Accuracy of four methods of gene prediction using the A. thaliana genome

		Seqpinga	MAKER2b	GlimmerHMMc, e	AUGUSTUSd
BUSCO		96.44%	94.14%	98.12%	98.64%
CDS Structure	Sn	0.2749	0.0738	0.2804	0.3075
	Sp	0.8867	0.8877	0.7515	0.7527
	Acc	0.5808	0.4808	0.5160	0.5301
Exon structure	Sn	0.4596	0.1207	-	0.4155
	Sp	0.7313	0.7457	-	0.5373
	Acc	0.5955	0.4332	-	0.4764
Nucleotide Level	Sn	0.7929	0.1932	0.9350	0.9634
	Sp	0.9748	0.9750	0.8150	0.7974
	Acc	0.8839	0.5841	0.8750	0.8804

^aSeqping: Trained using A. thaliana transcriptome; ^bMAKER2: SNAP’s A. thaliana HMM, AUGUSTUS’s A. thaliana model and A. thaliana transcriptome; ^cGlimmerHMM: A. thaliana model; ^dAUGUSTUS: A. thaliana model

^eUsing the available A. thaliana model, GlimmerHMM does not predict exon structure

Conclusions

The Seqping pipeline predictions are more accurate compared to the other three approaches with the default or available HMMs.
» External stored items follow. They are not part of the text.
lemma sd_avg_int_taylor_c:
  assumes "0 \<le> T"
  shows "\<bar>sd_avg_int (c + h) T - sd_avg_int c T - h * sd2_avg_int c T\<bar> \<le> T * h\<^sup>2 / 4"
proof -
  have pointwise: "\<bar>sd_avg (c + h) r - sd_avg c r - h * sd2_avg c r\<bar> \<le> h\<^sup>2 / 4" for r
    unfolding sd_avg_def sd2_avg_def
    by (intro abs_gauss_avg_taylor_le[where B="1/4" and B'="1/4"] borel_measurable_sigmoid_deriv
        borel_measurable_sigmoid_deriv2 abs_sigmoid_deriv_le abs_sigmoid_deriv2_le sigmoid_deriv_taylor)
  have "sd_avg_int (c + h) T - sd_avg_int c T - h * sd2_avg_int c T
      = integral {0..T} (\<lambda>r. sd_avg (c + h) r - sd_avg c r - h * sd2_avg c r)"
    unfolding sd_avg_int_def sd2_avg_int_def
    by (simp add: integral_diff sd_avg_integrable_on sd2_avg_integrable_on integrable_diff
        integrable_on_mult_right)
  also have "norm \<dots> \<le> h\<^sup>2 / 4 * (T - 0)"
    using pointwise
    by (intro integral_bound[OF assms] continuous_intros continuous_on_sd_avg continuous_on_sd2_avg) simp
  finally show ?thesis by (simp add: mult.commute)
qed

lemma sd_avg_int_taylor_T:
  assumes "0 < T0" "0 \<le> T"
  shows "\<bar>sd_avg_int c T - sd_avg_int c T0 - (T - T0) * sd_avg c T0\<bar> \<le> (T - T0)\<^sup>2 / (4 * sqrt T0)"
proof -
  have lip: "\<bar>sd_avg c r - sd_avg c T0\<bar> \<le> 1 / (4 * sqrt T0) * \<bar>r - T0\<bar>" if "0 \<le> r" for r
    using abs_sd_avg_diff_le[OF \<open>0 < T0\<close> that, of c c] by simp
  have "\<bar>integral {0..T} (sd_avg c) - integral {0..T0} (sd_avg c) - (T - T0) * sd_avg c T0\<bar>
      \<le> 1 / (4 * sqrt T0) * (T - T0)\<^sup>2"
    by (rule abs_integral_linearization_le[OF continuous_on_sd_avg lip]) (use assms in auto)
  then show ?thesis unfolding sd_avg_int_def by simp
qed

lemma sd_avg_int_taylor:
  assumes "0 < T0" "0 \<le> T"
  shows "\<bar>sd_avg_int c T - sd_avg_int c0 T0 - (c - c0) * sd2_avg_int c0 T0 - (T - T0) * sd_avg c0 T0\<bar>
    \<le> (T - T0)\<^sup>2 / (4 * sqrt T0) + \<bar>T - T0\<bar> * \<bar>c - c0\<bar> / 4 + T0 * (c - c0)\<^sup>2 / 4"
proof -
  define X1 where "X1 = sd_avg_int c T - sd_avg_int c T0 - (T - T0) * sd_avg c T0"
  define X2 where "X2 = (T - T0) * (sd_avg c T0 - sd_avg c0 T0)"
  define X3 where "X3 = sd_avg_int c T0 - sd_avg_int c0 T0 - (c - c0) * sd2_avg_int c0 T0"
  have "\<bar>X1\<bar> \<le> (T - T0)\<^sup>2 / (4 * sqrt T0)"
    unfolding X1_def by (rule sd_avg_int_taylor_T[OF assms])
  moreover have "\<bar>X2\<bar> \<le> \<bar>T - T0\<bar> * \<bar>c - c0\<bar> / 4"
  proof -
    have "\<bar>sd_avg c T0 - sd_avg c0 T0\<bar> \<le> \<bar>c - c0\<bar> / 4"
      using abs_sd_avg_diff_le[OF \<open>0 < T0\<close>, of T0 c c0] \<open>0 < T0\<close> by simp
    then have "\<bar>T - T0\<bar> * \<bar>sd_avg c T0 - sd_avg c0 T0\<bar> \<le> \<bar>T - T0\<bar> * (\<bar>c - c0\<bar> / 4)"
      by (rule mult_left_mono) simp
    then show ?thesis unfolding X2_def abs_mult by simp
  qed
  moreover have "\<bar>X3\<bar> \<le> T0 * (c - c0)\<^sup>2 / 4"
    unfolding X3_def using sd_avg_int_taylor_c[of T0 c0 "c - c0"] \<open>0 < T0\<close> by simp
  moreover have "sd_avg_int c T - sd_avg_int c0 T0 - (c - c0) * sd2_avg_int c0 T0 - (T - T0) * sd_avg c0 T0
      = X1 + X2 + X3"
    unfolding X1_def X2_def X3_def by (simp add: algebra_simps)
  ultimately show ?thesis by linarith
qed

section \<open>The first term of G and its gradient\<close>

lemma integral_stretch_atLeastAtMost:
  fixes f :: "real \<Rightarrow> real"
  assumes "0 \<le> q"
  shows "integral {0..t} (\<lambda>s. f (s * q) * q) = integral {0..t * q} f"
proof (cases "q = 0")
  case False
  then have "0 < q" using assms by simp
  then show ?thesis
    using integral_stretch_real[of q 0 "t * q" f] by (simp add: mult.commute)
qed simp

lemma has_derivative_if_remainder_quadratic:
  fixes f :: "'a::real_normed_vector \<Rightarrow> real"
  assumes "bounded_linear D"
    and remainder: "\<And>y. norm (y - x) < 1 \<Longrightarrow> \<bar>f y - f x - D (y - x)\<bar> \<le> C * (norm (y - x))\<^sup>2"
  shows "(f has_derivative D) (at x)"
  unfolding has_derivative_iff_norm
proof (intro conjI assms)
  show "((\<lambda>y. norm (f y - f x - D (y - x)) / norm (y - x)) \<longlongrightarrow> 0) (at x)"
  proof (rule tendsto_sandwich[where f="\<lambda>_. 0" and h="\<lambda>y. \<bar>C\<bar> * norm (y - x)"])
    have "\<forall>\<^sub>F y in at x. y \<in> ball x 1" by (rule eventually_at_in_open') auto
    then show "\<forall>\<^sub>F y in at x. norm (f y - f x - D (y - x)) / norm (y - x) \<le> \<bar>C\<bar> * norm (y - x)"
    proof (rule eventually_mono)
      fix y assume "y \<in> ball x 1"
      then have "\<bar>f y - f x - D (y - x)\<bar> \<le> \<bar>C\<bar> * (norm (y - x))\<^sup>2"
        using remainder[of y] abs_ge_self[of C] by (simp add: dist_norm norm_minus_commute)
          (meson mult_right_mono order_trans zero_le_power2)
      then show "norm (f y - f x - D (y - x)) / norm (y - x) \<le> \<bar>C\<bar> * norm (y - x)"
        by (cases "y = x") (auto simp: divide_le_eq power2_eq_square mult.assoc)
    qed
    have "((\<lambda>y. \<bar>C\<bar> * norm (y - x)) \<longlongrightarrow> \<bar>C\<bar> * norm (x - x)) (at x)"
      by (intro tendsto_intros)
    then show "((\<lambda>y. \<bar>C\<bar> * norm (y - x)) \<longlongrightarrow> 0) (at x)" by simp
  qed auto
qed

lemma norm_vec_le_sqrt_sum:
  fixes g :: "'a::real_normed_vector^'n"
  assumes "\<And>i. norm (g $ i) \<le> \<alpha> * sqrt (q i) + \<beta>" and "\<And>i. 0 \<le> q i" and "0 \<le> \<alpha>" and "0 \<le> \<beta>"
  shows "norm g \<le> \<alpha> * sqrt (\<Sum>i\<in>UNIV. q i) + sqrt (CARD('n)) * \<beta>"
proof -
  have "norm g = L2_set (\<lambda>i. norm (g $ i)) UNIV" by (simp add: norm_vec_def)
  also have "\<dots> \<le> L2_set (\<lambda>i. \<alpha> * sqrt (q i) + \<beta>) UNIV"
    using assms by (intro L2_set_mono) auto
  also have "\<dots> \<le> L2_set (\<lambda>i. \<alpha> * sqrt (q i)) UNIV + L2_set (\<lambda>i. \<beta>) (UNIV :: 'n set)"
    by (rule L2_set_triangle_ineq)
  also have "L2_set (\<lambda>i. \<alpha> * sqrt (q i)) UNIV = \<alpha> * L2_set (\<lambda>i. sqrt (q i)) UNIV"
    by (rule L2_set_right_distrib[OF \<open>0 \<le> \<alpha>\<close>, symmetric])
  also have "L2_set (\<lambda>i. sqrt (q i)) UNIV = sqrt (\<Sum>i\<in>UNIV. q i)"
    using assms(2) by (simp add: L2_set_def)
  also have "L2_set (\<lambda>i. \<beta>) (UNIV :: 'n set) = sqrt (CARD('n)) * \<beta>"
    using assms(4) by (simp add: L2_set_constant)
  finally show ?thesis .
qed

lemma matrix_vector_mul_inner_transpose: "((A :: real^'n^'m) *v x) \<bullet> y = x \<bullet> (transpose A *v y)"
  by (metis dot_lmul_matrix vector_transpose_matrix)

lemma norm_orthogonal_matrix_vector_mul:
  assumes "orthogonal_matrix (U :: real^'n^'n)"
  shows "norm (U *v x) = norm x"
  using assms orthogonal_transformation orthogonal_transformation_matrix
  by (metis matrix_of_matrix_vector_mul matrix_vector_mul_linear)

lemma transpose_diag_sqrt: "transpose (diag_sqrt L) = diag_sqrt L"
  by (simp add: diag_sqrt_def transpose_def vec_eq_iff)

definition quad_form :: "real^'p^'p \<Rightarrow> real^'p \<Rightarrow> real" where
  "quad_form L y = (L *v y) \<bullet> y"

definition G_grad :: "real^'p^'p \<Rightarrow> real^'p^'p \<Rightarrow> real \<Rightarrow> real^'p \<Rightarrow> real^'p^'n::finite \<Rightarrow> real^'p^'n" where
  "G_grad U L t \<theta> z = (\<chi> i.
     (sd2_avg_int (Wtilde U L \<theta> 0 \<bullet> z $ i) (t * quad_form L (z $ i)) *\<^sub>R Wtilde U L \<theta> 0
      + (2 * t * sd_avg (Wtilde U L \<theta> 0 \<bullet> z $ i) (t * quad_form L (z $ i))) *\<^sub>R (L *v z $ i))
     /\<^sub>R (2 * CARD('n)))"

locale eigendecomposition =
  fixes U L :: "real^'p::finite^'p"
  assumes orthogonal: "orthogonal_matrix U"
    and diagonal: "\<forall>i j. i \<noteq> j \<longrightarrow> L $ i $ j = 0"
    and nonneg: "\<forall>i. L $ i $ i \<ge> 0"
begin

definition op_norm :: real where
  "op_norm = onorm (\<lambda>x. (U ** L ** transpose U) *v x)"

lemma op_norm_nonneg: "0 \<le> op_norm"
  unfolding op_norm_def by (rule onorm_pos_le) simp

lemma norm_L_le: "norm (L *v v) \<le> op_norm * norm v"
proof -
  have UU: "transpose U ** U = mat 1" using orthogonal by (simp add: orthogonal_matrix)
  have "L *v v = transpose U *v ((U ** L ** transpose U) *v (U *v v))"
    by (simp add: matrix_vector_mul_assoc matrix_mul_assoc UU)
       (simp add: matrix_mul_assoc[symmetric] UU)
  then have "norm (L *v v) = norm ((U ** L ** transpose U) *v (U *v v))"
    using norm_orthogonal_matrix_vector_mul[of "transpose U"] orthogonal by simp
  also have "\<dots> \<le> op_norm * norm (U *v v)"
    unfolding op_norm_def by (rule onorm) simp
  finally show ?thesis using norm_orthogonal_matrix_vector_mul[OF orthogonal] by simp
qed

lemma L_mult_component: "(L *v y) $ j = L $ j $ j * y $ j"
proof -
  have "(L *v y) $ j = (\<Sum>k\<in>UNIV. L $ j $ k * y $ k)" by (simp add: matrix_vector_mult_def)
  also have "\<dots> = L $ j $ j * y $ j"
    using diagonal by (subst sum.remove[of _ j]) auto
  finally show ?thesis .
qed

lemma diag_le_op_norm: "L $ j $ j \<le> op_norm"
proof -
  have "L $ j $ j = (L *v axis j 1) $ j" by (simp add: L_mult_component)
  also have "\<dots> \<le> norm (L *v axis j 1)" using component_le_norm_cart by (rule abs_le_D1)
  also have "\<dots> \<le> op_norm" using norm_L_le[of "axis j 1"] by simp
  finally show ?thesis .
qed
We demonstrated that integration of multiple tools result in higher quality gene predictions in both dicotyledon and monocotyledon plants. By training species-specific HMMs, Seqping provides an effective, organism independent, gene prediction tool for non-model plant species. Expectedly, the performance is influenced by the quality of the transcriptome and genome sequences of the target species. The pipeline is most suitable for used in newly sequenced or less-studied plant genomes.